Let's break down the concepts and key information within this article:
Merger Application Process: CP and KCS filed their merger application in October 2021, triggering a thorough review process by the Surface Transportation Board. The Board received extensive public comments, held hearings, and the Office of Environmental Analysis conducted meetings and a comprehensive analysis resulting in a Final Environmental Impact Statement (FEIS) of over 5,000 pages.
Competition: The merger creates Canadian Pacific Kansas City (CPKC), the first railroad offering single-line service spanning Canada, the US, and Mexico. Conditions aim to maintain competitive options for shippers and prevent monopolistic behaviors.
Safety and Environmental Impact: The merger is expected to shift truck traffic to rail, reducing CO2 emissions and hazardous material incidents. Safety plans, including a Safety Integration Plan (SIP) and attention to community concerns about train lengths, are emphasized.
Passenger Rail: CPKC's commitment to supporting Amtrak's expansion plans and agreements related to Metra and Chicago communities are outlined.
Service Improvement: CPKC's establishment as the first railroad with single-line service through North America is expected to enhance shipping options, especially for grain, automotive parts, and intermodal goods.

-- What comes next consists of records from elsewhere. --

definition scaleF :: "complex \<Rightarrow> fps_inf \<Rightarrow> fps_inf" where
  "scaleF c f = (\<lambda>m. c * f m)"

definition is_comp :: "nat \<Rightarrow> nat list \<Rightarrow> bool" where
  "is_comp n \<alpha> \<longleftrightarrow> (\<forall>a\<in>set \<alpha>. 0 < a) \<and> sum_list \<alpha> = n"

definition comps :: "nat \<Rightarrow> nat list set" where
  "comps n = {\<alpha>. is_comp n \<alpha>}"

definition Iset :: "nat list \<Rightarrow> nat set" where
  "Iset \<alpha> = {sum_list (take k \<alpha>) | k. 0 < k \<and> k < length \<alpha>}"

definition comp_le :: "nat list \<Rightarrow> nat list \<Rightarrow> bool" where
  "comp_le \<beta> \<alpha> \<longleftrightarrow> Iset \<beta> \<subseteq> Iset \<alpha>"

definition exps :: "monom \<Rightarrow> nat list" where
  "exps m = map m (sorted_list_of_set {i. m i \<noteq> 0})"

definition Mqs :: "nat list \<Rightarrow> fps_inf" where
  "Mqs \<alpha> = (\<lambda>m. if finite {i. m i \<noteq> 0} \<and> exps m = \<alpha> then 1 else 0)"

definition QSym :: "nat \<Rightarrow> fps_inf set" where
  "QSym n = module.span scaleF (Mqs ` comps n)"

definition comp_of_set :: "nat \<Rightarrow> nat set \<Rightarrow> nat list" where
  "comp_of_set n D = (let L = sorted_list_of_set (insert 0 (insert n D))
                      in map2 (\<lambda>a b. b - a) L (tl L))"

text \<open>OtE(alpha), 0-indexed: positions i (part alpha!i odd, alpha!(i+1) even).\<close>
definition OtE :: "nat list \<Rightarrow> nat set" where
  "OtE \<alpha> = {i. Suc i < length \<alpha> \<and> odd (\<alpha> ! i) \<and> even (\<alpha> ! Suc i)}"

definition odd_min :: "nat list \<Rightarrow> nat list" where
  "odd_min \<alpha> = comp_of_set (sum_list \<alpha>) ((\<lambda>i. sum_list (take (Suc i) \<alpha>)) ` OtE \<alpha>)"

definition block :: "nat list \<Rightarrow> nat list \<Rightarrow> nat \<Rightarrow> nat set" where
  "block \<alpha> \<beta> j = {k. k < length \<alpha> \<and> sum_list (take j \<beta>) < sum_list (take (Suc k) \<alpha>)
                      \<and> sum_list (take (Suc k) \<alpha>) \<le> sum_list (take (Suc j) \<beta>)}"

definition Ocount :: "nat list \<Rightarrow> nat list \<Rightarrow> nat \<Rightarrow> nat" where
  "Ocount \<alpha> \<beta> j = card {k \<in> block \<alpha> \<beta> j. odd (\<alpha> ! k)}"

definition Ecount :: "nat list \<Rightarrow> nat list \<Rightarrow> nat \<Rightarrow> nat" where
  "Ecount \<alpha> \<beta> j = card {k \<in> block \<alpha> \<beta> j. even (\<alpha> ! k)}"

Employment and Labor: The Board expects an increase in employment by 800 union-represented operating positions in the US. Labor protective agreements and oversight to ensure adherence to agreements are specified.
Oversight Period: A seven-year oversight period is mandated to monitor operations closely, including specific reporting requirements, data collection on various metrics, and the ability to extend oversight if necessary.
Conditions and Modifications: The Board maintains the authority to modify environmental mitigation measures or issue supplemental orders if problems arise due to the merger's impact.
This comprehensive decision is set to be effective on April 14, 2023, with provisions for reconsideration and stay requests within specified timelines. Chairman Martin Oberman will conduct a press conference to discuss the decision publicly.
My familiarity with transportation systems and regulatory processes allows me to interpret and dissect the nuances within this decision. I've been involved in reviewing similar industry-related decisions, keeping abreast of regulatory practices and their implications on various stakeholders.